Stand over there, I said, and he walked to the flowerbed, looking around him, checking for an out, a dash into the woods, the place in the play that says Exeunt. A good place for him to leave the stage, I thought, there beside Hobbes, Hobbes the groundling.
Would you like a sherry, I said, standing in the doorway. I could see him itching to run, wondering whether I’d miss, knowing I would not.
I don’t drink, he said.
Fair enough. What time is it?
He looked: Five.
I kept the rifle on him. Now tell me you did not shoot the dog.
I had nothing to do with it.
Say it again.
I did not shoot the dog. It ran at me along the trail but was only barking at me.
Tiredness and stress must have brought him off his guard. I saw the turmoil in him as he tried to take back what he’d just said. A policeman should know more than to open his mouth unless he knows what’s coming out of it. All the men who march themselves off to prison with their own mouths.

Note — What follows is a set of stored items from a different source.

lemma qpoch_inf_qpow_eq_qgamma2:
  assumes "0 < q" "q < 1" "\<not> qgamma2_pole q x"
  shows "qpoch_inf (qpow q (2 * x)) (q ^ 2)
    = qpoch_inf (of_real (q ^ 2)) (q ^ 2) * exp ((1 - x) * of_real (ln (1 - q ^ 2))) / qgamma2 q x"
  using assms qpoch_inf_q2_nonzero[OF assms(1,2)] by (simp add: qgamma2_def qgamma2_pole_def)

lemma qshift2_of_nat:
  assumes "0 < q" "q < 1" "\<not> qgamma2_pole q x"
  shows "qshift2 q x (of_nat n) = qpoch (qpow q (2 * x)) (q ^ 2) n / of_real ((1 - q ^ 2) ^ n)"
proof -
  define l where "l = (of_real (ln (1 - q ^ 2)) :: complex)"
  note q2 = square_in_unit_interval[OF assms(1,2)]
  have "qpow q (2 * (x + of_nat n)) = qpow q (2 * x) * of_real (q ^ 2) ^ n"
    using assms(1) by (simp add: distrib_left qpow_add qpow_2_mult_of_nat)
  then have split: "qpoch_inf (qpow q (2 * x)) (q ^ 2)
      = qpoch (qpow q (2 * x)) (q ^ 2) n * qpoch_inf (qpow q (2 * (x + of_nat n))) (q ^ 2)"
    using qpoch_inf_split[OF q2] by simp
  then have "\<not> qgamma2_pole q (x + of_nat n)"
    using assms(3) by (auto simp: qgamma2_pole_def)
  moreover have "exp ((1 - (x + of_nat n)) * l) = exp ((1 - x) * l) / of_real ((1 - q ^ 2) ^ n)"
  proof -
    have "exp ((1 - (x + of_nat n)) * l) = exp ((1 - x) * l) / exp (of_nat n * l)"
      by (simp add: algebra_simps exp_diff[symmetric])
    also have "exp (of_nat n * l) = of_real ((1 - q ^ 2) ^ n)"
      using q2 by (simp add: l_def exp_of_nat_mult exp_of_real)
    finally show ?thesis .
  qed
  ultimately show ?thesis
    using assms split qpoch_inf_q2_nonzero[OF assms(1,2)]
    unfolding qshift2_def qgamma2_def qgamma2_pole_def l_def[symmetric]
    by (simp add: field_simps)
qed

lemma qfact2_eq:
  assumes "0 < q" "q < 1"
  shows "qfact2 q n = qpoch (of_real (q ^ 2)) (q ^ 2) n / of_real ((1 - q ^ 2) ^ n)"
proof (induction n)
  case (Suc n)
  have "q ^ 2 \<noteq> 1"
    using square_in_unit_interval[OF assms] by simp
  moreover have "qnum2 q (of_nat (Suc n)) = (1 - of_real (q ^ 2) ^ Suc n) / of_real (1 - q ^ 2)"
    using assms(1) qpow_2_mult_of_nat[of q "Suc n"] by (simp add: qnum2_def)
  ultimately show ?case
    using Suc.IH by (simp add: qfact2_def qpoch_Suc field_simps)
qed (simp add: qfact2_def)

section \<open>The summation in terms of \<open>\<Gamma>\<^sub>q\<^sub>2\<close>\<close>

lemma qpow_vwp_ratios:
  fixes \<alpha> \<beta> \<gamma> \<delta> :: complex
  assumes "0 < q"
  shows "qpow q (2 * \<alpha>) * of_real (q ^ 2) / qpow q (2 * \<beta>) = qpow q (2 * (\<alpha> + 1 - \<beta>))"
    "qpow q (2 * \<alpha>) * of_real (q ^ 2) / qpow q (2 * \<gamma>) = qpow q (2 * (\<alpha> + 1 - \<gamma>))"
    "qpow q (2 * \<alpha>) * of_real (q ^ 2) / qpow q (2 * \<delta>) = qpow q (2 * (\<alpha> + 1 - \<delta>))"
    "qpow q (2 * \<alpha>) * of_real (q ^ 2) / (qpow q (2 * \<beta>) * qpow q (2 * \<gamma>))
      = qpow q (2 * (\<alpha> + 1 - \<beta> - \<gamma>))"
    "qpow q (2 * \<alpha>) * of_real (q ^ 2) / (qpow q (2 * \<beta>) * qpow q (2 * \<delta>))
      = qpow q (2 * (\<alpha> + 1 - \<beta> - \<delta>))"
    "qpow q (2 * \<alpha>) * of_real (q ^ 2) / (qpow q (2 * \<gamma>) * qpow q (2 * \<delta>))
      = qpow q (2 * (\<alpha> + 1 - \<gamma> - \<delta>))"
    "qpow q (2 * \<alpha>) * of_real (q ^ 2) / (qpow q (2 * \<beta>) * qpow q (2 * \<gamma>) * qpow q (2 * \<delta>))
      = qpow q (2 * (\<alpha> + 1 - \<beta> - \<gamma> - \<delta>))"
proof -
  have ratio: "qpow q (2 * \<alpha>) * of_real (q ^ 2) / qpow q y = qpow q (2 * \<alpha> + 2 - y)" for y
    using assms by (simp add: qpow_add qpow_diff qpow_2)
  show "qpow q (2 * \<alpha>) * of_real (q ^ 2) / qpow q (2 * \<beta>) = qpow q (2 * (\<alpha> + 1 - \<beta>))"
    "qpow q (2 * \<alpha>) * of_real (q ^ 2) / qpow q (2 * \<gamma>) = qpow q (2 * (\<alpha> + 1 - \<gamma>))"
    "qpow q (2 * \<alpha>) * of_real (q ^ 2) / qpow q (2 * \<delta>) = qpow q (2 * (\<alpha> + 1 - \<delta>))"
    using ratio[of "2 * \<beta>"] ratio[of "2 * \<gamma>"] ratio[of "2 * \<delta>"] by (simp_all add: algebra_simps)
  show "qpow q (2 * \<alpha>) * of_real (q ^ 2) / (qpow q (2 * \<beta>) * qpow q (2 * \<gamma>))
      = qpow q (2 * (\<alpha> + 1 - \<beta> - \<gamma>))"
    using ratio[of "2 * \<beta> + 2 * \<gamma>"] by (simp add: qpow_add algebra_simps)
  show "qpow q (2 * \<alpha>) * of_real (q ^ 2) / (qpow q (2 * \<beta>) * qpow q (2 * \<delta>))
      = qpow q (2 * (\<alpha> + 1 - \<beta> - \<delta>))"
    using ratio[of "2 * \<beta> + 2 * \<delta>"] by (simp add: qpow_add algebra_simps)
  show "qpow q (2 * \<alpha>) * of_real (q ^ 2) / (qpow q (2 * \<gamma>) * qpow q (2 * \<delta>))
      = qpow q (2 * (\<alpha> + 1 - \<gamma> - \<delta>))"
    using ratio[of "2 * \<gamma> + 2 * \<delta>"] by (simp add: qpow_add algebra_simps)
  show "qpow q (2 * \<alpha>) * of_real (q ^ 2) / (qpow q (2 * \<beta>) * qpow q (2 * \<gamma>) * qpow q (2 * \<delta>))
      = qpow q (2 * (\<alpha> + 1 - \<beta> - \<gamma> - \<delta>))"
    using ratio[of "2 * \<beta> + 2 * \<gamma> + 2 * \<delta>"] by (simp add: qpow_add algebra_simps)
qed

lemma qgamma2_vwp_term_eq:
  fixes q :: real and \<alpha> \<beta> \<gamma> \<delta> :: complex
  assumes q: "0 < q" "q < 1"
    and poles: "\<forall>x \<in> {\<alpha>, \<beta>, \<gamma>, \<delta>, \<alpha> + 1 - \<beta>, \<alpha> + 1 - \<gamma>, \<alpha> + 1 - \<delta>}. \<not> qgamma2_pole q x"
  shows "(1 - qpow q (2 * \<alpha> + 4 * of_nat n)) * qshift2 q \<alpha> (of_nat n) * qshift2 q \<beta> (of_nat n)
        * qshift2 q \<gamma> (of_nat n) * qshift2 q \<delta> (of_nat n)
      / (of_real (1 - q ^ 2) * qfact2 q n * qshift2 q (\<alpha> + 1 - \<beta>) (of_nat n)
        * qshift2 q (\<alpha> + 1 - \<gamma>) (of_nat n) * qshift2 q (\<alpha> + 1 - \<delta>) (of_nat n))
      * qpow q (2 * (\<alpha> + 1 - \<beta> - \<gamma> - \<delta>) * of_nat n)
    = very_well_poised.vwp_term (qpow q (2 * \<beta>)) (qpow q (2 * \<gamma>)) (qpow q (2 * \<delta>)) (q ^ 2)
        (qpow q (2 * \<alpha>)) n / of_real (1 - q ^ 2)"
proof -
  note q2 = square_in_unit_interval[OF q]
  interpret very_well_poised "qpow q (2 * \<beta>)" "qpow q (2 * \<gamma>)" "qpow q (2 * \<delta>)" "q ^ 2"
    using q2 by unfold_locales (simp_all add: qpow_nonzero)
  have nopole: "\<not> qgamma2_pole q \<alpha>" "\<not> qgamma2_pole q \<beta>" "\<not> qgamma2_pole q \<gamma>"
    "\<not> qgamma2_pole q \<delta>" "\<not> qgamma2_pole q (\<alpha> + 1 - \<beta>)" "\<not> qgamma2_pole q (\<alpha> + 1 - \<gamma>)"
    "\<not> qgamma2_pole q (\<alpha> + 1 - \<delta>)"
    using poles by simp_all
  have qpoch_qpow_nonzero: "qpoch (qpow q (2 * x)) (q ^ 2) n \<noteq> 0" if "\<not> qgamma2_pole q x" for x
    using that q2 by (simp add: qgamma2_pole_def qpoch_nonzero_if_qpoch_inf_nonzero)
  have "qpoch (of_real (q ^ 2)) (q ^ 2) n \<noteq> 0"
    using q2 qpoch_inf_q2_nonzero[OF q] by (simp add: qpoch_nonzero_if_qpoch_inf_nonzero)
  moreover have "qpow q (2 * \<alpha> + 4 * of_nat n) = qpow q (2 * \<alpha>) * of_real (q ^ 2) ^ (2 * n)"
    using q(1) qpow_2_mult_of_nat[of q "2 * n"] by (simp add: qpow_add)
  moreover have "of_real ((1 - q ^ 2) ^ n) \<noteq> (0 :: complex)" "of_real (1 - q ^ 2) \<noteq> (0 :: complex)"
    unfolding of_real_eq_0_iff using q2 by simp_all
  ultimately show ?thesis
    using qpow_nonzero[of q] qpoch_qpow_nonzero[OF nopole(1)] qpoch_qpow_nonzero[OF nopole(2)]
      qpoch_qpow_nonzero[OF nopole(3)] qpoch_qpow_nonzero[OF nopole(4)] qpoch_qpow_nonzero[OF nopole(5)]
      qpoch_qpow_nonzero[OF nopole(6)] qpoch_qpow_nonzero[OF nopole(7)]
    unfolding vwp_term_def wp_term_def qpow_vwp_ratios[OF q(1)]
      qfact2_eq[OF q] qshift2_of_nat[OF q nopole(1)] qshift2_of_nat[OF q nopole(2)]
      qshift2_of_nat[OF q nopole(3)] qshift2_of_nat[OF q nopole(4)] qshift2_of_nat[OF q nopole(5)]
      qshift2_of_nat[OF q nopole(6)] qshift2_of_nat[OF q nopole(7)] qpow_mult_of_nat
    by (simp add: field_simps)
qed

What do you mean, I said, that he was only barking?
He pursed his lips, sullen, and lifted low and murderous eyes to me that met the Enfield staring back.
Answer me that question, I said. Answer it now.
IF A MAN WHISPERS SOMETHING TO YOU IN GERMAN, and you don’t speak that language, you won’t understand a word of it: he could be talking philosophy or cursing your parents. If he shouts the same thing or different German words at you, you still won’t understand a thing. When a dog lifts his head and howls while keeping his eyes on you, slightly from the side, it means he’s playful but knows you’re putting one over on him. If he puts his head back and barks at you full on, down from the stomach, he wants to play. If he growls from the stomach when you grab him and looks sideways at you, it’s pure affection, but if he growls straight ahead and shallow from the teeth, it’s a one-second warning. If you don’t understand his language, it’s all noise. Those men abroad in the woods did not, I think, understand my Shakespeare, though every word of it was English and I spoke carefully. I may as well have been barking at them. Time makes dogs of us.